BIE plans to distribute funding to all contractors based on updated student counts starting in fiscal year 2025. For fiscal year 2024, BIE will continue to use the 1995 base student counts for determining funding allocations, except contractors that reported higher updated counts in fiscal year 2023 will receive a corresponding funding increase. BIE officials told GAO they will implement the act's requirement to withhold funds from any contractors for failure to report student counts starting in fiscal year 2025.

Why GAO Did This Study

The JOM program provides academic and cultural supports to meet the unique and specialized educational needs of eligible American Indian and Alaska Native students in public schools and select tribal schools. BIE contracts with Tribes, tribal organizations, states, public school districts and others who provide JOM services to eligible students. These services can include Native cultural and language enrichment, academic support, dropout prevention, and the purchase of school supplies. Since 1995, BIE has relied on the same count of eligible students to determine its budget allocation for the program. Congress passed the JOM Modernization Act in 2018 to update and modernize the program, including provisions for BIE to estimate the number of students potentially eligible for JOM services and annually count the number of students receiving services. In addition, the act includes a provision for GAO to conduct a review of BIE's process for updating the student count.

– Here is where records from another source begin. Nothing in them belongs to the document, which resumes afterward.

lemma Lp_integrable:
  assumes "f \<in> Lp M p" "p \<ge> 1"
  shows "integrable M f"
proof -
  have int: "integrable M (\<lambda>x. 1 + \<bar>f x\<bar> powr p)" and meas: "f \<in> borel_measurable M"
    using assms by (auto simp: Lp_def)
  have "\<bar>f x\<bar> \<le> 1 + \<bar>f x\<bar> powr p" for x
  proof (cases "\<bar>f x\<bar> \<ge> 1")
    case True
    then have "\<bar>f x\<bar> powr 1 \<le> \<bar>f x\<bar> powr p" using assms by (intro powr_mono) auto
    then show ?thesis by simp
  qed (use powr_ge_zero[of "\<bar>f x\<bar>" p] in linarith)
  then show ?thesis
    by (intro Bochner_Integration.integrable_bound[OF int meas] AE_I2) simp
qed

lemma Lp_add:
  assumes "f \<in> Lp M p" "g \<in> Lp M p" "p \<ge> 0"
  shows "(\<lambda>x. f x + g x) \<in> Lp M p"
proof -
  have int: "integrable M (\<lambda>x. 2 powr p * (\<bar>f x\<bar> powr p + \<bar>g x\<bar> powr p))"
    using assms unfolding Lp_def by (intro integrable_mult_right Bochner_Integration.integrable_add) auto
  have meas: "(\<lambda>x. f x + g x) \<in> borel_measurable M" using assms by (auto simp: Lp_def)
  have "integrable M (\<lambda>x. \<bar>f x + g x\<bar> powr p)"
    by (intro Bochner_Integration.integrable_bound[OF int] AE_I2)
       (use meas abs_add_powr_le[OF assms(3)] in auto)
  with meas show ?thesis unfolding Lp_def by blast
qed

lemma Lp_cmult:
  assumes "f \<in> Lp M p"
  shows "(\<lambda>x. a * f x) \<in> Lp M p"
proof -
  have "integrable M (\<lambda>x. \<bar>a\<bar> powr p * \<bar>f x\<bar> powr p)"
    using assms unfolding Lp_def by (intro integrable_mult_right) blast
  then show ?thesis using assms unfolding Lp_def by (auto simp: abs_mult powr_mult)
qed

lemma Lp_lincomb:
  assumes "f \<in> Lp M p" "g \<in> Lp M p" "p \<ge> 0"
  shows "(\<lambda>x. a * f x + b * g x) \<in> Lp M p"
  using Lp_add[OF Lp_cmult[OF assms(1)] Lp_cmult[OF assms(2)] assms(3)] .

lemma Lp_diff:
  assumes "f \<in> Lp M p" "g \<in> Lp M p" "p \<ge> 0"
  shows "(\<lambda>x. f x - g x) \<in> Lp M p"
  using Lp_lincomb[OF assms, of 1 "-1"] by simp

lemma Linfty_Lp:
  assumes "f \<in> Linfty M" "p \<ge> 0"
  shows "f \<in> Lp M p"
proof -
  obtain C where C: "AE x in M. \<bar>f x\<bar> \<le> C" and meas: "f \<in> borel_measurable M"
    using assms by (auto simp: Linfty_def)
  have "AE x in M. norm (\<bar>f x\<bar> powr p) \<le> \<bar>C\<bar> powr p"
    using C by eventually_elim (use assms in \<open>auto intro!: powr_mono2\<close>)
  with meas show ?thesis unfolding Lp_def by (auto intro!: integrable_const_bound)
qed

lemma Lp_norm_indicator:
  assumes "A \<in> sets M"
  shows "Lp_norm M p (indicator A) = measure M A powr (1/p)"
proof -
  have "(\<lambda>x. \<bar>indicator A x :: real\<bar> powr p) = indicator A"
    by (auto simp: indicator_def)
  with assms show ?thesis unfolding Lp_norm_def by simp
qed
lemma image_mset_override_eq_iff:
  assumes "finite L" and "\<forall>i\<in>L. f i \<noteq> a"
  shows "image_mset (\<lambda>i. if i \<in> X then a else f i) (mset_set L) =
           image_mset (\<lambda>i. if i \<in> Y then a else f i) (mset_set L) \<longleftrightarrow>
         image_mset f (mset_set (L \<inter> X)) = image_mset f (mset_set (L \<inter> Y))"
proof -
  have part: "mset_set L = mset_set (L \<inter> Z) + mset_set (L - Z)" for Z
    using assms(1) mset_set_Union[of "L \<inter> Z" "L - Z"] by (simp add: Int_Diff_Un Int_Diff_disjoint)
  have split: "image_mset f (mset_set L) = image_mset f (mset_set (L \<inter> Z)) + image_mset f (mset_set (L - Z))"
    for Z by (subst part[of Z]) simp
  have override: "image_mset (\<lambda>i. if i \<in> Z then a else f i) (mset_set L) =
      replicate_mset (card (L \<inter> Z)) a + image_mset f (mset_set (L - Z))" for Z
  proof -
    have "image_mset (\<lambda>i. if i \<in> Z then a else f i) (mset_set (L \<inter> Z)) = image_mset (\<lambda>_. a) (mset_set (L \<inter> Z))"
      "image_mset (\<lambda>i. if i \<in> Z then a else f i) (mset_set (L - Z)) = image_mset f (mset_set (L - Z))"
      using assms(1) by (auto intro!: image_mset_cong)
    then show ?thesis by (subst part[of Z]) (simp add: image_mset_const_eq)
  qed
  have outside: "filter_mset (\<lambda>v. v \<noteq> a) (image_mset (\<lambda>i. if i \<in> Z then a else f i) (mset_set L)) =
      image_mset f (mset_set (L - Z))" for Z
  proof -
    have "filter_mset (\<lambda>i. f i \<noteq> a) (mset_set (L - Z)) = mset_set (L - Z)"
      using assms by (auto intro: arg_cong[where f = mset_set])
    then show ?thesis by (simp add: override filter_mset_image_mset)
  qed
  show ?thesis
  proof
    assume "image_mset (\<lambda>i. if i \<in> X then a else f i) (mset_set L) =
            image_mset (\<lambda>i. if i \<in> Y then a else f i) (mset_set L)"
    then have "image_mset f (mset_set (L - X)) = image_mset f (mset_set (L - Y))"
      using outside by metis
    then show "image_mset f (mset_set (L \<inter> X)) = image_mset f (mset_set (L \<inter> Y))"
      using split[of X] split[of Y] by simp
  next
    assume inside: "image_mset f (mset_set (L \<inter> X)) = image_mset f (mset_set (L \<inter> Y))"
    then have "card (L \<inter> X) = card (L \<inter> Y)"
      by (rule card_eq_if_image_mset_mset_set_eq)
    moreover have "image_mset f (mset_set (L - X)) = image_mset f (mset_set (L - Y))"
      using split[of X] split[of Y] inside by (metis add_left_cancel)
    ultimately show "image_mset (\<lambda>i. if i \<in> X then a else f i) (mset_set L) =
            image_mset (\<lambda>i. if i \<in> Y then a else f i) (mset_set L)"
      by (simp add: override)
  qed
qed

lemma min_value_cases:
  fixes f :: "'a \<Rightarrow> 'b::linorder"
  assumes "finite X" and "finite Y"
  obtains "X = {}" "Y = {}"
  | k where "k \<in> f ` X" "\<forall>j\<in>X. k \<le> f j" "\<forall>j\<in>Y. k < f j"
  | k where "k \<in> f ` Y" "\<forall>j\<in>Y. k \<le> f j" "\<forall>j\<in>X. k < f j"
  | k where "k \<in> f ` X" "\<forall>j\<in>X. k \<le> f j" "k \<in> f ` Y" "\<forall>j\<in>Y. k \<le> f j"
proof -
  have min: "Min (f ` Z) \<in> f ` Z" "\<forall>j\<in>Z. Min (f ` Z) \<le> f j" if "finite Z" "Z \<noteq> {}" for Z
    using that by auto
  consider "X = {}" "Y = {}" | "X \<noteq> {}" "Y = {}" | "X = {}" "Y \<noteq> {}" | "X \<noteq> {}" "Y \<noteq> {}"
    by blast
  then show thesis
  proof cases
    case 1
    then show thesis using that(1) by blast
  next
    case 2
    then show thesis using that(2) min[OF assms(1)] by blast
  next
    case 3
    then show thesis using that(3) min[OF assms(2)] by blast
  next
    case 4
    note X = min[OF assms(1) 4(1)] and Y = min[OF assms(2) 4(2)]
    show thesis
    proof (cases rule: linorder_cases[of "Min (f ` X)" "Min (f ` Y)"])
      case less
      then show thesis using that(2) X Y by (meson order.strict_trans2)
    next
      case equal
      then show thesis using that(4) X Y by metis
    next
      case greater
      then show thesis using that(3) X Y by (meson order.strict_trans2)
    qed
  qed
qed

locale leveled_poset =
  fixes Om :: "'a set" and le :: "'a \<Rightarrow> 'a \<Rightarrow> bool" and level :: "'a \<Rightarrow> nat"
  assumes finite_carrier: "finite Om"
    and le_iff_level: "\<And>u v. u \<in> Om \<Longrightarrow> v \<in> Om \<Longrightarrow> le u v \<longleftrightarrow> u = v \<or> level u < level v"
begin

definition layer :: "nat \<Rightarrow> 'a set" where
  "layer m = {i \<in> Om. level i = m}"

definition below :: "nat \<Rightarrow> 'a set" where
  "below m = {i \<in> Om. level i < m}"

definition higher :: "nat \<Rightarrow> 'a set" where
  "higher m = {i \<in> Om. m < level i}"

definition layer_poly :: "('a \<Rightarrow> 'k::field) \<Rightarrow> 'a set \<Rightarrow> nat \<Rightarrow> 'k poly" where
  "layer_poly \<eta> D m = (\<Prod>i\<in>layer m. [:1, if i \<in> D then -1 else \<eta> i:])"

definition layer_term :: "('a \<Rightarrow> 'k::field) \<Rightarrow> ('a \<Rightarrow> 'k) \<Rightarrow> 'a set \<Rightarrow> nat \<Rightarrow> 'k poly" where
  "layer_term \<tau> \<eta> D m =
     (if D \<inter> below m = {}
      then monom (\<Prod>i\<in>below m. \<tau> i) (card (below m)) * (layer_poly \<eta> D m - 1)
      else 0)"

lemma finite_layer [simp]: "finite (layer m)"
  and finite_below [simp]: "finite (below m)"
  and finite_higher [simp]: "finite (higher m)"
  using finite_carrier by (simp_all add: layer_def below_def higher_def)

lemma layer_below_disjoint: "layer m \<inter> below m = {}"
  by (auto simp: layer_def below_def)

lemma nonempty_down_sets_eq:
  "down_sets le Om - {{}} = (\<lambda>(m, S). below m \<union> S) ` (SIGMA m:level ` Om. Pow (layer m) - {{}})"
proof (intro equalityI subsetI)
  fix I assume I: "I \<in> down_sets le Om - {{}}"
  then have "I \<subseteq> Om" "I \<noteq> {}" and down: "\<And>i j. i \<in> I \<Longrightarrow> j \<in> Om \<Longrightarrow> le j i \<Longrightarrow> j \<in> I"
    by (auto simp: down_sets_def)
  moreover have "finite I"
    using \<open>I \<subseteq> Om\<close> finite_carrier finite_subset by blast
  define m where "m = Max (level ` I)"
  have "m \<in> level ` I"
    unfolding m_def using \<open>finite I\<close> \<open>I \<noteq> {}\<close> by simp
  then obtain i where i: "i \<in> I" "level i = m"
    by blast
  have "level j \<le> m" if "j \<in> I" for j
    using that \<open>finite I\<close> unfolding m_def by simp
  then have "I = below m \<union> (I \<inter> layer m)"
    using \<open>I \<subseteq> Om\<close> i down[of i] le_iff_level[of _ i]
    by (auto simp: below_def layer_def le_less)
  moreover have "m \<in> level ` Om" "I \<inter> layer m \<noteq> {}"
    using i \<open>I \<subseteq> Om\<close> by (auto simp: layer_def)
  ultimately show "I \<in> (\<lambda>(m, S). below m \<union> S) ` (SIGMA m:level ` Om. Pow (layer m) - {{}})"
    by (intro image_eqI[where x = "(m, I \<inter> layer m)"]) auto
next
  fix I assume "I \<in> (\<lambda>(m, S). below m \<union> S) ` (SIGMA m:level ` Om. Pow (layer m) - {{}})"
  then obtain m S where I: "I = below m \<union> S" and S: "S \<subseteq> layer m" "S \<noteq> {}"
    by auto
  have "j \<in> I" if "i \<in> I" "j \<in> Om" "le j i" for i j
    using that I S le_iff_level[of j i] by (auto simp: below_def layer_def)
  then show "I \<in> down_sets le Om - {{}}"
    using I S by (auto simp: down_sets_def below_def layer_def)
qed

lemma inj_on_below_Un: "inj_on (\<lambda>(m, S). below m \<union> S) (SIGMA m:level ` Om. Pow (layer m) - {{}})"
proof (rule inj_onI)
  fix p p'
  assume p: "p \<in> (SIGMA m:level ` Om. Pow (layer m) - {{}})" and p': "p' \<in> (SIGMA m:level ` Om. Pow (layer m) - {{}})"
    and eq_p: "(\<lambda>(m, S). below m \<union> S) p = (\<lambda>(m, S). below m \<union> S) p'"
  obtain m S m' S' where pairs: "p = (m, S)" "p' = (m', S')"
    by fastforce
  then have S: "S \<subseteq> layer m" "S \<noteq> {}" and S': "S' \<subseteq> layer m'" "S' \<noteq> {}"
    and eq: "below m \<union> S = below m' \<union> S'"
    using p p' eq_p by auto
  have level_le: "m \<le> m'"
    if hyps: "S \<subseteq> layer m" "S \<noteq> {}" "S' \<subseteq> layer m'" "below m \<union> S = below m' \<union> S'"
    for m m' S S'
  proof -
    obtain s where "s \<in> S"
      using hyps by auto
    then have "level s = m" "s \<in> below m' \<union> S'"
      using hyps by (auto simp: layer_def)
    then show ?thesis
      using hyps(3) by (auto simp: below_def layer_def)
  qed
  have "m = m'"
    using level_le[OF S S'(1) eq] level_le[OF S' S(1) eq[symmetric]] by simp
  moreover have "S = (below m \<union> S) \<inter> layer m" "S' = (below m' \<union> S') \<inter> layer m'"
    using S S' layer_below_disjoint by auto
  ultimately show "p = p'"
    using eq pairs by metis
qed

lemma maxel_below_Un:
  assumes "S \<subseteq> layer m" and "S \<noteq> {}"
  shows "maxel le (below m \<union> S) = S"
proof (intro equalityI subsetI)
  fix y assume y: "y \<in> maxel le (below m \<union> S)"
  obtain s where s: "s \<in> S"
    using assms by auto
  show "y \<in> S"
  proof (rule ccontr)
    assume "y \<notin> S"
    then have "y \<in> below m"
      using y by (auto simp: maxel_def)
    then have "le y s" "s \<noteq> y"
      using s assms le_iff_level[of y s] by (auto simp: below_def layer_def)
    then show False
      using y s by (auto simp: maxel_def)
  qed
next
  fix y assume y: "y \<in> S"
  have "z = y" if "z \<in> below m \<union> S" "le y z" for z
  proof (rule ccontr)
    assume "z \<noteq> y"
    have "y \<in> Om" "level y = m" "z \<in> Om" "level z \<le> m"
      using that(1) y assms(1) by (auto simp: below_def layer_def)
    then show False
      using le_iff_level[of y z] that(2) \<open>z \<noteq> y\<close> by simp
  qed
  then show "y \<in> maxel le (below m \<union> S)"
    using y by (auto simp: maxel_def)
qed

lemma phi_below_Un:
  assumes S: "S \<subseteq> layer m" "S \<noteq> {}"
  shows "phi le \<tau> \<eta> D (below m \<union> S) =
    (if D \<inter> below m = {} then (\<Prod>i\<in>below m. \<tau> i) * (\<Prod>i\<in>S. if i \<in> D then -1 else \<eta> i) else 0)"
proof -
  have max: "maxel le (below m \<union> S) = S"
    by (rule maxel_below_Un[OF S])
  have rest: "below m \<union> S - S = below m"
    using S layer_below_disjoint by auto
  have "finite S"
    using S(1) by (rule finite_subset) simp
  show ?thesis
  proof (cases "D \<inter> below m = {}")
    case True
    then have "(below m \<union> S) \<inter> D = S \<inter> D"
      by auto
    moreover have "(\<Prod>i\<in>S. if i \<in> D then -1 else \<eta> i) = (-1) ^ card (S \<inter> D) * (\<Prod>i\<in>S - D. \<eta> i)"
      using \<open>finite S\<close> by (simp add: prod.If_cases Int_commute Diff_eq)
    ultimately show ?thesis
      using True max rest by (simp add: phi_def)
  next
    case False
    then have "\<not> (below m \<union> S) \<inter> D \<subseteq> S"
      using S layer_below_disjoint by blast
    then show ?thesis
      using False max by (simp add: phi_def)
  qed
qed

lemma sum_phi_below_Un:
  "(\<Sum>S\<in>Pow (layer m) - {{}}. monom (phi le \<tau> \<eta> D (below m \<union> S)) (card (below m \<union> S))) =
    layer_term \<tau> \<eta> D m"
proof -
  let ?T = "monom (\<Prod>i\<in>below m. \<tau> i) (card (below m))"
  let ?g = "\<lambda>S. monom (\<Prod>i\<in>S. if i \<in> D then -1 else \<eta> i) (card S)"
  have summand: "monom (phi le \<tau> \<eta> D (below m \<union> S)) (card (below m \<union> S)) =
      (if D \<inter> below m = {} then ?T * ?g S else 0)"
    if "S \<in> Pow (layer m) - {{}}" for S
  proof -
    have "card (below m \<union> S) = card (below m) + card S"
      using that layer_below_disjoint by (subst card_Un_disjoint) (auto intro: finite_subset)
    then show ?thesis
      using phi_below_Un[of S m \<tau> \<eta> D] that by (simp add: mult_monom)
  qed
  have "layer_poly \<eta> D m = ?g {} + (\<Sum>S\<in>Pow (layer m) - {{}}. ?g S)"
    unfolding layer_poly_def prod_pCons_1_eq_sum_monom[OF finite_layer]
    by (rule sum.remove) auto
  then have "layer_poly \<eta> D m - 1 = (\<Sum>S\<in>Pow (layer m) - {{}}. ?g S)"
    by simp
  moreover have "(\<Sum>S\<in>Pow (layer m) - {{}}. monom (phi le \<tau> \<eta> D (below m \<union> S)) (card (below m \<union> S))) =
      (\<Sum>S\<in>Pow (layer m) - {{}}. if D \<inter> below m = {} then ?T * ?g S else 0)"
    by (rule sum.cong[OF refl summand])
  ultimately show ?thesis
    by (simp add: layer_term_def sum_distrib_left)
qed

lemma piP_eq_layer_sum: "piP le \<tau> \<eta> Om D = 1 + (\<Sum>m\<in>level ` Om. layer_term \<tau> \<eta> D m)"
proof -
  let ?f = "\<lambda>I. monom (phi le \<tau> \<eta> D I) (card I)"
  have "finite (down_sets le Om)"
    using finite_carrier by (auto simp: down_sets_def intro: finite_subset[of _ "Pow Om"])
  moreover have "{} \<in> down_sets le Om"
    by (simp add: down_sets_def)
  ultimately have "piP le \<tau> \<eta> Om D = ?f {} + (\<Sum>I\<in>down_sets le Om - {{}}. ?f I)"
    unfolding piP_def by (rule sum.remove)
  also have "?f {} = 1"
    by (simp add: phi_def maxel_def)
  also have "(\<Sum>I\<in>down_sets le Om - {{}}. ?f I) =
      (\<Sum>m\<in>level ` Om. \<Sum>S\<in>Pow (layer m) - {{}}. ?f (below m \<union> S))"
    unfolding nonempty_down_sets_eq sum.reindex[OF inj_on_below_Un]
    by (subst sum.Sigma) (auto simp: split_def finite_carrier)
  finally show ?thesis
    by (simp only: sum_phi_below_Un)
qed

lemma prod_below_neq_0:
  fixes \<tau> :: "'a \<Rightarrow> 'k::field"
  assumes "\<forall>i\<in>Om. \<tau> i \<noteq> 0"
  shows "(\<Prod>i\<in>below k. \<tau> i) \<noteq> 0"
  using assms by (subst prod_zero_iff[OF finite_below]) (auto simp: below_def)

This report includes information on the steps BIE took, or plans to take, to estimate the number of students potentially eligible for JOM services, count students currently receiving services, and distribute JOM funds to contractors based on the number of students they serve. GAO reviewed relevant federal laws, regulations, and BIE documents on the JOM program. GAO also examined prior public comments submitted by Tribes and interviewed agency officials and members of the National Johnson O'Malley Association. GAO also conferred with the Department of Education's National Center for Education Statistics, who provided comments on the data sources BIE considered for its estimate of potentially eligible students.